(* Let $M\subset\mathbb{R}^{2d}$ satisfy the standing assumptions below. There exist constants $C,\delta>0$, depending only on $M$, such that for all $x$ with $|x|\ge\frac1\delta$, writing $y=T(x)$, one has $$|n_-(x)-m_-(x)|\le\frac{C}{|x|},\qquad |m_-(y)-n_-(y)|\le\frac{C}{|x|},\qquad |n_-(y)-n_+(x)|\le\frac{C}{|x|}.$$
   Context: $\mathbb{R}^{2d}$ carries its standard inner product, norm $|\cdot|$, complex structure $J$ and symplectic form $\omega(u,v)=\langle Ju,v\rangle$. Standing assumptions: $M$ is a smooth closed hypersurface bounding a strictly convex domain containing the origin in its interior, and $M$ is a level set of a smooth function with positive definite Hessian. For $q\in M$ the Reeb vector $R(q)$ is the unique vector with $\omega(v,R(q))=0$ for all $v\in T_qM$ and $\omega(q,R(q))=1$. Write $a\sim b$ if $a=\lambda b$, $\lambda>0$. For $x$ in the exterior of $M$: $m_-(x)\in M$ is the unique point with $m_-(x)-x\sim R(m_-(x))$; $T(x)=2m_-(x)-x$ is the outer symplectic billiard map; $n_+(x),n_-(x)\in M$ are the unique points with $R(n_+(x))\sim x$ and $R(n_-(x))\sim -x$. *)

theory Defs
  imports "HOL-Analysis.Analysis"
begin

text \<open>The space R^{2d} is modelled as real^'n \<times> real^'n (d = CARD('n)), with
  the product inner product; points are (q, p).\<close>

type_synonym 'n sp = "(real^'n) \<times> (real^'n)"

definition cJ :: "'n::finite sp \<Rightarrow> 'n sp" where
  "cJ z = (- snd z, fst z)"

definition omega :: "'n::finite sp \<Rightarrow> 'n sp \<Rightarrow> real" where
  "omega u v = inner (cJ u) v"

fun Ck :: "nat \<Rightarrow> ('a::euclidean_space \<Rightarrow> real) \<Rightarrow> bool" where
  "Ck 0 f = continuous_on UNIV f"
| "Ck (Suc k) f = (continuous_on UNIV f \<and> (\<forall>x. f differentiable (at x)) \<and>
      (\<forall>v. Ck k (\<lambda>x. frechet_derivative f (at x) v)))"

definition smooth :: "('a::euclidean_space \<Rightarrow> real) \<Rightarrow> bool" where
  "smooth f = (\<forall>k. Ck k f)"

definition pos_def_hessian :: "('a::euclidean_space \<Rightarrow> real) \<Rightarrow> bool" where
  "pos_def_hessian F = (\<forall>x h. h \<noteq> 0 \<longrightarrow>
      frechet_derivative (\<lambda>y. frechet_derivative F (at y) h) (at x) h > 0)"

definition tangent_space :: "('n::finite sp \<Rightarrow> real) \<Rightarrow> 'n sp \<Rightarrow> 'n sp set" where
  "tangent_space F q = {v. frechet_derivative F (at q) v = 0}"

definition reeb :: "('n::finite sp \<Rightarrow> real) \<Rightarrow> 'n sp \<Rightarrow> 'n sp" where
  "reeb F q = (THE r. (\<forall>v\<in>tangent_space F q. omega v r = 0) \<and> omega q r = 1)"

definition pos_parallel :: "'n::finite sp \<Rightarrow> 'n sp \<Rightarrow> bool" where
  "pos_parallel a b = (\<exists>l>0. a = l *\<^sub>R b)"

definition m_minus :: "('n::finite sp \<Rightarrow> real) \<Rightarrow> 'n sp set \<Rightarrow> 'n sp \<Rightarrow> 'n sp" where
  "m_minus F M x = (THE m. m \<in> M \<and> pos_parallel (m - x) (reeb F m))"

definition Tbil :: "('n::finite sp \<Rightarrow> real) \<Rightarrow> 'n sp set \<Rightarrow> 'n sp \<Rightarrow> 'n sp" where
  "Tbil F M x = 2 *\<^sub>R m_minus F M x - x"

definition n_plus :: "('n::finite sp \<Rightarrow> real) \<Rightarrow> 'n sp set \<Rightarrow> 'n sp \<Rightarrow> 'n sp" where
  "n_plus F M x = (THE n. n \<in> M \<and> pos_parallel (reeb F n) x)"

definition n_minus :: "('n::finite sp \<Rightarrow> real) \<Rightarrow> 'n sp set \<Rightarrow> 'n sp \<Rightarrow> 'n sp" where
  "n_minus F M x = (THE n. n \<in> M \<and> pos_parallel (reeb F n) (- x))"

end

theory Submission
  imports Defs
begin

(* By the formula R(q) = J (grad F q) / <q, grad F q> for the Reeb vector, each of n_-(x), n_+(x)
   and m = m_-(x) is the point of M at which the outer normal points in a prescribed direction,
   namely J x, -J x and J (x - m).  Since the Hessian of F is uniformly positive on K, the gradient
   is strongly monotone there, which makes this inverse Gauss map N Lipschitz in the direction:
   |N u - N v| <= L |u - v| / |v|.  Hence for large |x| the map z |-> N (J (x - z)) is a
   contraction of K whose fixed point is m_-(x), and each of the three distances compares N at two
   vectors of size about |x| that differ by the bounded vectors J m, J m_-(y) or 2 J m, using
   |y| >= |x| / 2 for y = T x. *)

lemma norm_sgn_diff_le:
  fixes a b :: "'a::real_normed_vector"
  assumes "b \<noteq> 0"
  shows "norm (sgn a - sgn b) \<le> 2 * norm (a - b) / norm b"
proof -
  have nb: "norm b > 0" using assms by simp
  have "norm (sgn a - a /\<^sub>R norm b) \<le> norm (a - b) / norm b"
  proof (cases "a = 0")
    case False
    have "sgn a - a /\<^sub>R norm b = (1 / norm a - 1 / norm b) *\<^sub>R a"
      by (simp add: sgn_div_norm scaleR_diff_left divide_inverse_commute)
    also have "1 / norm a - 1 / norm b = (norm b - norm a) / (norm a * norm b)"
      using False nb by (simp add: field_simps)
    finally have "norm (sgn a - a /\<^sub>R norm b) = \<bar>norm b - norm a\<bar> / norm b"
      using False by simp
    also have "\<dots> \<le> norm (a - b) / norm b"
      using nb by (simp add: divide_right_mono norm_triangle_ineq3 abs_minus_commute)
    finally show ?thesis .
  qed simp
  moreover have "norm (a /\<^sub>R norm b - sgn b) = norm (a - b) / norm b"
    using nb by (simp add: sgn_div_norm divide_inverse_commute flip: scaleR_diff_right)
  ultimately show ?thesis
    using norm_triangle_ineq[of "sgn a - a /\<^sub>R norm b" "a /\<^sub>R norm b - sgn b"] by simp
qed

lemma scaleR_norm_sgn: "norm x *\<^sub>R sgn x = (x::'a::real_normed_vector)"
  by (cases "x = 0") (simp_all add: sgn_div_norm)

lemma inner_lt_1_if_unit_neq:
  fixes x y :: "'a::real_inner"
  assumes "norm x = 1" "norm y = 1" "x \<noteq> y"
  shows "x \<bullet> y < 1"
proof -
  have "0 < (norm (x - y))\<^sup>2"
    using assms(3) by simp
  also have "(norm (x - y))\<^sup>2 = (norm x)\<^sup>2 + (norm y)\<^sup>2 - 2 * (x \<bullet> y)"
    by (simp add: power2_norm_eq_inner inner_diff inner_commute)
  finally show ?thesis
    using assms(1,2) by simp
qed

lemma has_real_derivative_along_line:
  assumes "\<And>y. (f has_derivative f' y) (at y)"
  shows "((\<lambda>t. f (z + t *\<^sub>R w)) has_real_derivative f' (z + t *\<^sub>R w) w) (at t)"
proof -
  have "((\<lambda>t. f (z + t *\<^sub>R w)) has_derivative (\<lambda>s. f' (z + t *\<^sub>R w) (s *\<^sub>R w))) (at t)"
    by (rule has_derivative_compose[OF _ assms]) (auto intro!: derivative_eq_intros)
  moreover have "(\<lambda>s. f' (z + t *\<^sub>R w) (s *\<^sub>R w)) = (*) (f' (z + t *\<^sub>R w) w)"
    using has_derivative_linear[OF assms] by (auto simp: linear_scale)
  ultimately show ?thesis by (simp add: has_field_derivative_def)
qed

lemma linear_real_eq_sum_Basis:
  fixes f :: "'a::euclidean_space \<Rightarrow> real"
  assumes "linear f"
  shows "f x = (\<Sum>i\<in>Basis. (x \<bullet> i) * f i)"
  using Linear_Algebra.linear_componentwise[OF assms, of x 1] by simp

locale convex_level_set =
  fixes F :: "'a::euclidean_space \<Rightarrow> real" and c :: real and M K :: "'a set"
  assumes smooth: "smooth F"
    and hessian_pos: "pos_def_hessian F"
    and M_eq: "M = {z. F z = c}"
    and K_eq: "K = {z. F z \<le> c}"
    and compact_K: "compact K" and convex_K: "convex K" and zero_interior_K: "0 \<in> interior K"
    and M_frontier: "M = frontier K"
begin

definition DF :: "'a \<Rightarrow> 'a \<Rightarrow> real" where
  "DF y = frechet_derivative F (at y)"

definition D2F :: "'a \<Rightarrow> 'a \<Rightarrow> 'a \<Rightarrow> real" where
  "D2F y h = frechet_derivative (\<lambda>z. DF z h) (at y)"

definition grad :: "'a \<Rightarrow> 'a" where
  "grad y = (\<Sum>b\<in>Basis. DF y b *\<^sub>R b)"

lemma zero_in_K: "0 \<in> K"
  using zero_interior_K interior_subset by blast

lemma M_subset_K: "M \<subseteq> K"
  using M_frontier compact_K by (simp add: frontier_subset_compact)

lemma F_on_M: "q \<in> M \<Longrightarrow> F q = c"
  using M_eq by blast

lemma F_C2:
  "(\<forall>y. F differentiable (at y)) \<and>
   (\<forall>h. (\<forall>y. (\<lambda>z. DF z h) differentiable (at y)) \<and> continuous_on UNIV (\<lambda>y. DF y h) \<and>
        (\<forall>w. continuous_on UNIV (\<lambda>y. D2F y h w)))"
proof -
  have "Ck 3 F" using smooth unfolding smooth_def by blast
  then show ?thesis unfolding DF_def D2F_def numeral_3_eq_3 by simp
qed

lemma has_derivative_DF: "(F has_derivative DF y) (at y)"
  using F_C2 frechet_derivative_works unfolding DF_def by blast

lemma has_derivative_D2F: "((\<lambda>z. DF z h) has_derivative D2F y h) (at y)"
  using F_C2 frechet_derivative_works unfolding D2F_def by blast

lemma linear_DF: "linear (DF y)"
  using has_derivative_DF by (rule has_derivative_linear)

lemma linear_D2F: "linear (D2F y h)"
  using has_derivative_D2F by (rule has_derivative_linear)

lemma DF_eq_inner_grad: "DF y v = grad y \<bullet> v"
  using linear_real_eq_sum_Basis[OF linear_DF, of y v]
  unfolding grad_def inner_sum_left by (simp add: inner_commute mult.commute)

lemma continuous_on_grad: "continuous_on UNIV grad"
  using F_C2 unfolding grad_def by (intro continuous_intros) blast

lemma D2F_expansion: "D2F z h w = (\<Sum>i\<in>Basis. \<Sum>j\<in>Basis. (h \<bullet> i) * (w \<bullet> j) * D2F z i j)"
proof -
  have DF_h: "(\<lambda>y. DF y h) = (\<lambda>y. \<Sum>i\<in>Basis. (h \<bullet> i) * DF y i)"
    using linear_real_eq_sum_Basis[OF linear_DF] by blast
  have "((\<lambda>y. \<Sum>i\<in>Basis. (h \<bullet> i) * DF y i) has_derivative
      (\<lambda>w. \<Sum>i\<in>Basis. (h \<bullet> i) * D2F z i w)) (at z)"
    by (intro has_derivative_sum has_derivative_mult_right has_derivative_D2F)
  then have "D2F z h w = (\<Sum>i\<in>Basis. (h \<bullet> i) * D2F z i w)"
    unfolding D2F_def DF_h by (simp add: frechet_derivative_at[symmetric])
  also have "\<dots> = (\<Sum>i\<in>Basis. (h \<bullet> i) * (\<Sum>j\<in>Basis. (w \<bullet> j) * D2F z i j))"
    using linear_real_eq_sum_Basis[OF linear_D2F, symmetric] by (simp only:)
  finally show ?thesis by (simp add: sum_distrib_left mult.assoc)
qed

lemma D2F_scaleR: "D2F z (r *\<^sub>R h) (r *\<^sub>R h) = r\<^sup>2 * D2F z h h"
proof -
  have "D2F z (r *\<^sub>R h) (r *\<^sub>R h) = r\<^sup>2 * (\<Sum>i\<in>Basis. \<Sum>j\<in>Basis. (h \<bullet> i) * (h \<bullet> j) * D2F z i j)"
    by (subst D2F_expansion) (simp add: sum_distrib_left power2_eq_square mult_ac)
  then show ?thesis by (simp only: D2F_expansion[of z h h, symmetric])
qed

lemma continuous_on_hessian_form: "continuous_on UNIV (\<lambda>p. D2F (fst p) (snd p) (snd p))"
proof -
  have "continuous_on UNIV (\<lambda>y. D2F y i j)" for i j
    using F_C2 by blast
  then have "continuous_on UNIV (\<lambda>p. D2F (fst p) i j)" for i j
    using continuous_on_compose2[OF _ continuous_on_fst[OF continuous_on_id]] by fastforce
  moreover have "(\<lambda>p. D2F (fst p) (snd p) (snd p)) =
      (\<lambda>p. \<Sum>i\<in>Basis. \<Sum>j\<in>Basis. (snd p \<bullet> i) * (snd p \<bullet> j) * D2F (fst p) i j)"
    by (rule ext) (rule D2F_expansion)
  ultimately show ?thesis
    by (simp only:) (intro continuous_intros)
qed

lemma hessian_coercive: "\<exists>\<kappa>>0. \<forall>z\<in>K. \<forall>h. \<kappa> * (norm h)\<^sup>2 \<le> D2F z h h"
proof -
  obtain e :: 'a where "e \<in> Basis"
    using nonempty_Basis by blast
  then have "norm e = 1"
    by simp
  with zero_in_K have "K \<times> sphere (0::'a) 1 \<noteq> {}"
    by (metis SigmaI empty_iff mem_sphere_0)
  moreover have "continuous_on (K \<times> sphere 0 1) (\<lambda>p. D2F (fst p) (snd p) (snd p))"
    by (rule continuous_on_subset[OF continuous_on_hessian_form subset_UNIV])
  ultimately obtain p where p: "p \<in> K \<times> sphere 0 1"
    and p_min: "\<forall>q\<in>K \<times> sphere 0 1. D2F (fst p) (snd p) (snd p) \<le> D2F (fst q) (snd q) (snd q)"
    using continuous_attains_inf[OF compact_Times[OF compact_K compact_sphere]] by blast
  have "snd p \<noteq> 0"
    using p by auto
  then have "D2F (fst p) (snd p) (snd p) > 0"
    using hessian_pos unfolding pos_def_hessian_def D2F_def DF_def by blast
  moreover have "D2F (fst p) (snd p) (snd p) * (norm h)\<^sup>2 \<le> D2F z h h" if "z \<in> K" for z h
  proof (cases "h = 0")
    case False
    then have "D2F (fst p) (snd p) (snd p) \<le> D2F z (sgn h) (sgn h)"
      using p_min that by (force simp: norm_sgn)
    also have "\<dots> = D2F z h h / (norm h)\<^sup>2"
      using D2F_scaleR[of z "1 / norm h" h] by (simp add: sgn_div_norm divide_inverse_commute power_inverse)
    finally show ?thesis using False by (simp add: pos_le_divide_eq)
  qed (simp add: linear_0[OF linear_D2F])
  ultimately show ?thesis by blast
qed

● **Instructions to follow**
Above are the records. Print exactly, and only, the lines from the line with "obtain e :: 'a" to the line with "using D2F_scaleR[of z", both inclusive.

● **Task response**
  obtain e :: 'a where "e \<in> Basis"
    using nonempty_Basis by blast
  then have "norm e = 1"
    by simp
  with zero_in_K have "K \<times> sphere (0::'a) 1 \<noteq> {}"
    by (metis SigmaI empty_iff mem_sphere_0)
  moreover have "continuous_on (K \<times> sphere 0 1) (\<lambda>p. D2F (fst p) (snd p) (snd p))"
    by (rule continuous_on_subset[OF continuous_on_hessian_form subset_UNIV])
  ultimately obtain p where p: "p \<in> K \<times> sphere 0 1"
    and p_min: "\<forall>q\<in>K \<times> sphere 0 1. D2F (fst p) (snd p) (snd p) \<le> D2F (fst q) (snd q) (snd q)"
    using continuous_attains_inf[OF compact_Times[OF compact_K compact_sphere]] by blast
  have "snd p \<noteq> 0"
    using p by auto
  then have "D2F (fst p) (snd p) (snd p) > 0"
    using hessian_pos unfolding pos_def_hessian_def D2F_def DF_def by blast
  moreover have "D2F (fst p) (snd p) (snd p) * (norm h)\<^sup>2 \<le> D2F z h h" if "z \<in> K" for z h
  proof (cases "h = 0")
    case False
    then have "D2F (fst p) (snd p) (snd p) \<le> D2F z (sgn h) (sgn h)"
      using p_min that by (force simp: norm_sgn)
    also have "\<dots> = D2F z h h / (norm h)\<^sup>2"
      using D2F_scaleR[of z "1 / norm h" h] by (simp add: sgn_div_norm divide_inverse_commute power_inverse)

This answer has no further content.